# [Task item]
Restate word for word the line containing "using assms(3) xs" and all remaining lines of the entries below.

# [Exercise data]
(* (a) If $\pi\in\mathfrak{S}_{2n+1}$ is a down-up permutation, then every inversion of $\pi$ is admissible, i.e. $\mathsf{adi}\,\pi=\mathsf{inv}\,\pi$. (b) For every $n\ge0$ and every $\pi\in\widetilde{\mathfrak{S}}_{2n+1,n}(213)$, $$\mathsf{adi}\,\pi+\mathsf{adi}\,\pi^r=2n^2+n,\qquad \mathsf{adi}\,\pi=2\cdot(3\text{-}12)\pi,\qquad \mathsf{adi}\,\pi^r=(31\text{-}2)\pi.$$
   Context: A permutation $\pi\in\mathfrak{S}_m$ is down-up if $\pi(1)>\pi(2)<\pi(3)>\pi(4)<\cdots$ (descents and ascents alternate, starting with a descent). $\pi^r=\pi(m)\cdots\pi(1)$ is the reverse. $\mathsf{inv}\,\pi=\#\{i<j:\pi(i)>\pi(j)\}$. Admissible inversions: set $\pi(m+1)=0$; an inversion pair $(\pi(i),\pi(j))$ ($1\le i<j\le m$, $\pi(i)>\pi(j)$) is admissible if $\pi(j)<\pi(j+1)$ or there is $l$ with $i<l<j$ and $\pi(l)<\pi(j)$; $\mathsf{adi}\,\pi$ counts them. $(3\text{-}12)\pi=\#\{(i,j):i<j<m,\ \pi(j)<\pi(j+1)<\pi(i)\}$; $(31\text{-}2)\pi=\#\{(i,j):i+1<j\le m,\ \pi(i+1)<\pi(j)<\pi(i)\}$. $\mathsf{des}\,\pi=\#\{i\in[m-1]:\pi(i)>\pi(i+1)\}$; $\mathsf{dd}\,\pi$ is the number of $i\in[m]$ with $\pi(i-1)>\pi(i)>\pi(i+1)$ under the boundary convention $\pi(0)=\pi(m+1)=0$. $\widetilde{\mathfrak{S}}_{m,k}(213)=\{\pi\in\mathfrak{S}_m:\pi\text{ avoids }213,\ \mathsf{dd}\,\pi=0,\ \mathsf{des}\,\pi=k\}$. *)

theory Defs
  imports Main
begin

text \<open>A permutation pi of [m] is represented as a list xs of length m with
  pi(i) = xs ! (i - 1) for 1 <= i <= m.  The value function pv extends pi by
  pi(0) = pi(m+1) = 0 (the boundary conventions of the paper).\<close>

definition is_perm :: "nat \<Rightarrow> nat list \<Rightarrow> bool" where
  "is_perm m xs \<longleftrightarrow> length xs = m \<and> distinct xs \<and> set xs = {1..m}"

definition pv :: "nat list \<Rightarrow> nat \<Rightarrow> nat" where
  "pv xs i = (if 1 \<le> i \<and> i \<le> length xs then xs ! (i - 1) else 0)"

definition down_up :: "nat list \<Rightarrow> bool" where
  "down_up xs \<longleftrightarrow> (\<forall>i. 1 \<le> i \<and> i < length xs \<longrightarrow>
     (odd i \<longrightarrow> pv xs i > pv xs (i + 1)) \<and> (even i \<longrightarrow> pv xs i < pv xs (i + 1)))"

definition inv_stat :: "nat list \<Rightarrow> nat" where
  "inv_stat xs = card {(i, j). 1 \<le> i \<and> i < j \<and> j \<le> length xs \<and> pv xs i > pv xs j}"
text \<open>Points of R^d = R^m x R^n are pairs of functions (x, y) :: (nat => real) x (nat => real);
  only the coordinates i < m of x and j < n of y are relevant.
  The data set A is given by X k, Y k for k in {1..l}.
  Tropical coefficient vectors t range over R \<union> {-\<infinity>} (resp. R \<union> {+\<infinity>}),
  encoded as ereal-valued functions excluding +\<infinity> (resp. -\<infinity>).\<close>

definition trop_max_tech :: "bool \<Rightarrow> nat \<Rightarrow> nat \<Rightarrow> nat \<Rightarrow> (nat \<Rightarrow> nat \<Rightarrow> real)
    \<Rightarrow> (nat \<Rightarrow> nat \<Rightarrow> real) \<Rightarrow> ((nat \<Rightarrow> real) \<times> (nat \<Rightarrow> real)) set" where
  "trop_max_tech vrs m n l X Y =
    {(x, y). (\<forall>i<m. 0 \<le> x i) \<and> (\<forall>j<n. 0 \<le> y j) \<and>
      (\<exists>t :: nat \<Rightarrow> ereal. (\<forall>k\<in>{1..l}. t k \<noteq> \<infinity>) \<and>
         (vrs \<longrightarrow> (MAX k\<in>{1..l}. t k) = 0) \<and>
         (\<forall>i<m. (MAX k\<in>{1..l}. t k + ereal (X k i)) \<le> ereal (x i)) \<and>
         (\<forall>j<n. ereal (y j) \<le> (MAX k\<in>{1..l}. t k + ereal (Y k j))))}"
lemma measure_joint_NN1_N_pos:
  "measure_pmf.prob (joint_NN1 M \<alpha>) {(n, n1). 1 \<le> n} = 1 - pmf (binomial_pmf M \<alpha>) 0"
proof -
  have "measure_pmf.prob (joint_NN1 M \<alpha>) {(n, n1). 1 \<le> n} =
      measure_pmf.prob (map_pmf fst (joint_NN1 M \<alpha>)) (UNIV - {0})"
    by (simp add: vimage_def case_prod_unfold Suc_le_eq)
  also have "\<dots> = 1 - pmf (binomial_pmf M \<alpha>) 0"
    using measure_pmf.prob_compl[of "{0}" "binomial_pmf M \<alpha>"]
    by (simp add: joint_NN1_def map_fst_pair_pmf measure_pmf_single)
  finally show ?thesis .
qed

lemma cond_prob_joint_NN1_ge:
  assumes "10 \<le> m" "0 < \<alpha>" "\<alpha> \<le> 1"
  shows "(1 - (9 / 10) ^ 9) / 2 \<le>
    cond_prob_pmf (joint_NN1 (Suc m) \<alpha>) {(n, n1). n \<ge> n1 + 1} {(n, n1). n \<ge> 1}"
proof -
  let ?B = "binomial_pmf m \<alpha>" and ?s = "(9 / 10) ^ 9 :: real"
  define c where "c = coincidence_prob ?B"
  define u where "u = pmf ?B 0"
  have u: "u = (1 - \<alpha>) ^ m" using assms by (simp add: u_def)
  have "u \<le> 1 - \<alpha>"
    using power_decreasing[of 1 m "1 - \<alpha>"] assms by (simp add: u)
  have "c \<le> u ^ 2 + ?s * (1 - u)" if "\<alpha> \<le> 1 / 2"
    unfolding c_def u_def using assms that
    by (intro coincidence_prob_le pmf_binomial_nonzero_le finite_set_pmf_binomial_pmf) auto
  then have bound: "(1 - ?s) / 2 * (1 - (1 - \<alpha>) * u) \<le> (1 - c) / 2 + \<alpha> * c"
    using assms \<open>u \<le> 1 - \<alpha>\<close>
    by (intro exceedance_ratio_bound) (simp_all add: u c_def coincidence_prob_def power_le_one)
  have "(1 - \<alpha>) * u \<le> 1 - \<alpha>"
    using assms by (intro mult_left_le) (simp_all add: u power_le_one)
  then have pos: "0 < 1 - (1 - \<alpha>) * u"
    using assms by simp
  have num: "measure_pmf.prob (joint_NN1 (Suc m) \<alpha>) {(n, n1). n \<ge> n1 + 1} = (1 - c) / 2 + \<alpha> * c"
    unfolding c_def using assms by (intro measure_joint_NN1_N_gt_N1) simp_all
  have den: "measure_pmf.prob (joint_NN1 (Suc m) \<alpha>) {(n, n1). n \<ge> 1} = 1 - (1 - \<alpha>) * u"
    using assms by (subst measure_joint_NN1_N_pos) (simp add: u)
  have events: "{(n, n1). n \<ge> n1 + 1} \<inter> {(n, n1). n \<ge> 1} = {(n, n1). n \<ge> n1 + (1::nat)}"
    by auto
  show ?thesis
    unfolding cond_prob_pmf_def events num den using bound pos by (simp only: pos_le_divide_eq)
qed

lemma one_minus_inverse_sqrt_two_pi_le:
  "1 / 2 * (1 - 1 / sqrt (2 * pi)) \<le> (1 - (9 / 10) ^ 9) / 2"
proof -
  have "sqrt (2 * pi) \<le> 251 / 100"
    by (rule real_le_lsqrt) (use pi_approx in \<open>auto simp: power2_eq_square\<close>)
  then have "100 / 251 \<le> 1 / sqrt (2 * pi)"
    by (simp add: field_simps)
  moreover have "(9 / 10) ^ 9 \<le> (100 / 251 :: real)"
    by (simp add: power_divide)
  ultimately show ?thesis by simp
qed
(* No vector $(x_\alpha,\dots,x_1)$ with $\alpha\ge2$ and $x_{\alpha-1}=1$ is realizable.
   Context: All graphs are finite, nonempty, and reflexive (every vertex has a loop). $N[v]$ is the closed neighborhood of $v$ (including $v$). For distinct $v,w$, $w$ strictly corners $v$ if $N[v]\subsetneq N[w]$; $v$ is then a strict corner. Corner ranking: set $G^{(1)}=G$, $k=1$. If $G^{(k)}$ is a clique, give all its vertices rank $k$ and stop. Else if $G^{(k)}$ has no strict corners, give all its vertices rank $\infty$ and stop. Else give every strict corner of $G^{(k)}$ rank $k$, delete them to get $G^{(k+1)}$ (induced subgraph), increase $k$ and repeat. The corner rank is the largest rank of a vertex; $X_k$ is the set of rank-$k$ vertices; cop-win graphs are exactly those of finite corner rank. A vector is a finite list of positive integers; the rank cardinality vector of a graph of corner rank $\alpha$ is $(x_\alpha,\dots,x_1)$ with $x_k=|X_k|$; a vector is realizable if it is the rank cardinality vector of some cop-win graph. *)

theory Defs
  imports Main
begin

text \<open>A finite, nonempty, reflexive (undirected) graph: vertex set V, adjacency E
  (only its restriction to V matters).\<close>
definition refl_graph :: "'a set \<Rightarrow> ('a \<Rightarrow> 'a \<Rightarrow> bool) \<Rightarrow> bool" where
  "refl_graph V E \<longleftrightarrow> finite V \<and> V \<noteq> {} \<and> (\<forall>u\<in>V. E u u)
     \<and> (\<forall>u\<in>V. \<forall>v\<in>V. E u v \<longleftrightarrow> E v u)"

definition cnbh :: "('a \<Rightarrow> 'a \<Rightarrow> bool) \<Rightarrow> 'a set \<Rightarrow> 'a \<Rightarrow> 'a set" where
  "cnbh E S v = {u \<in> S. E v u}"

definition strict_corners :: "('a \<Rightarrow> 'a \<Rightarrow> bool) \<Rightarrow> 'a set \<Rightarrow> 'a set" where
  "strict_corners E S = {v \<in> S. \<exists>w\<in>S. w \<noteq> v \<and> cnbh E S v \<subset> cnbh E S w}"

definition is_clique :: "('a \<Rightarrow> 'a \<Rightarrow> bool) \<Rightarrow> 'a set \<Rightarrow> bool" where
  "is_clique E S \<longleftrightarrow> (\<forall>u\<in>S. \<forall>v\<in>S. E u v)"

text \<open>stage E V k is the vertex set of G^(k+1) in the corner ranking.\<close>
fun stage :: "('a \<Rightarrow> 'a \<Rightarrow> bool) \<Rightarrow> 'a set \<Rightarrow> nat \<Rightarrow> 'a set" where
  "stage E V 0 = V"
| "stage E V (Suc k) = stage E V k - strict_corners E (stage E V k)"

text \<open>Cop-win = finite corner rank = the ranking reaches a clique.\<close>
definition cop_win :: "'a set \<Rightarrow> ('a \<Rightarrow> 'a \<Rightarrow> bool) \<Rightarrow> bool" where
  "cop_win V E \<longleftrightarrow> refl_graph V E \<and> (\<exists>k. is_clique E (stage E V k))"

text \<open>Corner rank alpha (for cop-win graphs): least k \<ge> 1 with G^(k) a clique.\<close>
definition corner_rank :: "'a set \<Rightarrow> ('a \<Rightarrow> 'a \<Rightarrow> bool) \<Rightarrow> nat" where
  "corner_rank V E = Suc (LEAST k. is_clique E (stage E V k))"

text \<open>X_k, the set of rank-k vertices, for 1 \<le> k \<le> alpha.\<close>
definition rank_set :: "'a set \<Rightarrow> ('a \<Rightarrow> 'a \<Rightarrow> bool) \<Rightarrow> nat \<Rightarrow> 'a set" where
  "rank_set V E k =
     (if k = corner_rank V E then stage E V (k - 1)
      else strict_corners E (stage E V (k - 1)))"

text \<open>Rank cardinality vector (x_alpha, ..., x_1) as a list.\<close>
definition rank_card_vector :: "'a set \<Rightarrow> ('a \<Rightarrow> 'a \<Rightarrow> bool) \<Rightarrow> nat list" where
  "rank_card_vector V E =
     map (\<lambda>i. card (rank_set V E (corner_rank V E - i))) [0..<corner_rank V E]"

text \<open>Realizable: the rank cardinality vector of some cop-win graph
  (vertices drawn from nat; every finite graph is isomorphic to one such).\<close>
definition realizable :: "nat list \<Rightarrow> bool" where
  "realizable xs \<longleftrightarrow> (\<exists>(V::nat set) E. cop_win V E \<and> rank_card_vector V E = xs)"

end

theory Submission
  imports Defs
begin

text \<open>Let S be the last non-clique stage of the corner ranking, so that its strict corners
  are exactly the rank-(\<alpha>-1) vertices and removing them leaves a clique. If v were the only
  strict corner of S, some u would be non-adjacent to v. A vertex w strictly cornering v is
  adjacent to v and hence to every vertex of S, whereas N[u] = S - {v}; so w strictly corners u
  as well, and v is not the only strict corner after all.\<close>

lemma stage_subset: "stage E V k \<subseteq> V"
  by (induction k) auto

lemma length_rank_card_vector: "length (rank_card_vector V E) = corner_rank V E"
  by (simp add: rank_card_vector_def)

lemma rank_card_vector_nth_1:
  assumes "corner_rank V E = Suc (Suc k)"
  shows "rank_card_vector V E ! 1 = card (strict_corners E (stage E V k))"
  using assms by (simp add: rank_card_vector_def rank_set_def del: upt_Suc)

lemma is_clique_stage_corner_rank:
  assumes "cop_win V E"
  shows "is_clique E (stage E V (corner_rank V E - 1))"
  using assms LeastI_ex[of "\<lambda>k. is_clique E (stage E V k)"]
  by (simp add: cop_win_def corner_rank_def)

lemma not_is_clique_stage_below_corner_rank:
  assumes "k < corner_rank V E - 1"
  shows "\<not> is_clique E (stage E V k)"
  using assms not_less_Least[of k "\<lambda>k. is_clique E (stage E V k)"]
  by (simp add: corner_rank_def)

lemma non_neighbour_if_clique_minus:
  assumes sym: "\<forall>u\<in>S. \<forall>v\<in>S. E u v \<longleftrightarrow> E v u"
    and "\<not> is_clique E S" and "is_clique E (S - {v})"
  obtains u where "u \<in> S" "\<not> E v u"
proof -
  from assms(2) obtain a b where ab: "a \<in> S" "b \<in> S" "\<not> E a b"
    unfolding is_clique_def by auto
  with assms(3) have "a = v \<or> b = v"
    unfolding is_clique_def by blast
  with ab sym that show thesis by blast
qed

lemma card_strict_corners_ne_1:
  assumes refl: "\<forall>u\<in>S. E u u" and sym: "\<forall>u\<in>S. \<forall>v\<in>S. E u v \<longleftrightarrow> E v u"
    and not_clique: "\<not> is_clique E S" and clique: "is_clique E (S - strict_corners E S)"
  shows "card (strict_corners E S) \<noteq> 1"
proof
  assume "card (strict_corners E S) = 1"
  then obtain v where corners: "strict_corners E S = {v}"
    by (auto simp: card_Suc_eq)
  then have "v \<in> strict_corners E S" by simp
  then obtain w where vS: "v \<in> S" and wS: "w \<in> S" and "w \<noteq> v"
    and v_cornered: "cnbh E S v \<subset> cnbh E S w"
    unfolding strict_corners_def by blast
  have clique_v: "is_clique E (S - {v})"
    using clique corners by simp
  obtain u where uS: "u \<in> S" and "\<not> E v u"
    using non_neighbour_if_clique_minus[OF sym not_clique clique_v] .
  have "E w v"
    using v_cornered vS refl unfolding cnbh_def by auto
  have "u \<noteq> v" "u \<noteq> w"
    using \<open>\<not> E v u\<close> \<open>E w v\<close> refl sym uS vS wS by auto
  have "cnbh E S w = S"
    using clique_v wS \<open>w \<noteq> v\<close> \<open>E w v\<close> unfolding cnbh_def is_clique_def by auto
  moreover have "cnbh E S u = S - {v}"
    using clique_v uS \<open>u \<noteq> v\<close> \<open>\<not> E v u\<close> sym vS unfolding cnbh_def is_clique_def by auto
  ultimately have "cnbh E S u \<subset> cnbh E S w"
    using vS by auto
  then have "u \<in> strict_corners E S"
    using uS wS \<open>u \<noteq> w\<close> unfolding strict_corners_def by auto
  with corners \<open>u \<noteq> v\<close> show False by simp
qed

theorem corollary3p19:
  fixes xs :: "nat list"
  assumes "length xs \<ge> 2"
    and "\<forall>x\<in>set xs. x > 0"
    and "xs ! 1 = 1"
  shows "\<not> realizable xs"
proof
  assume "realizable xs"
  then obtain V :: "nat set" and E where cw: "cop_win V E" and xs: "rank_card_vector V E = xs"
    unfolding realizable_def by auto
  obtain k where rank: "corner_rank V E = Suc (Suc k)"
    using assms(1) xs length_rank_card_vector[of V E] by (metis add_2_eq_Suc le_Suc_ex)
  let ?S = "stage E V k"
  have "card (strict_corners E ?S) = 1"
    using assms(3) xs rank_card_vector_nth_1[OF rank] by simp
  moreover have "is_clique E (?S - strict_corners E ?S)"
    using is_clique_stage_corner_rank[OF cw] rank by simp
  moreover have "\<not> is_clique E ?S"
    using not_is_clique_stage_below_corner_rank[of k V E] rank by simp
  moreover have "refl_graph V E"
    using cw unfolding cop_win_def by simp
  ultimately show False
    using card_strict_corners_ne_1[of ?S E] stage_subset[of E V k]
    unfolding refl_graph_def by blast
qed

end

# [Written solution]
    using assms(3) xs rank_card_vector_nth_1[OF rank] by simp
  moreover have "is_clique E (?S - strict_corners E ?S)"
    using is_clique_stage_corner_rank[OF cw] rank by simp
  moreover have "\<not> is_clique E ?S"
    using not_is_clique_stage_below_corner_rank[of k V E] rank by simp
  moreover have "refl_graph V E"
    using cw unfolding cop_win_def by simp
  ultimately show False
    using card_strict_corners_ne_1[of ?S E] stage_subset[of E V k]
    unfolding refl_graph_def by blast
qed

end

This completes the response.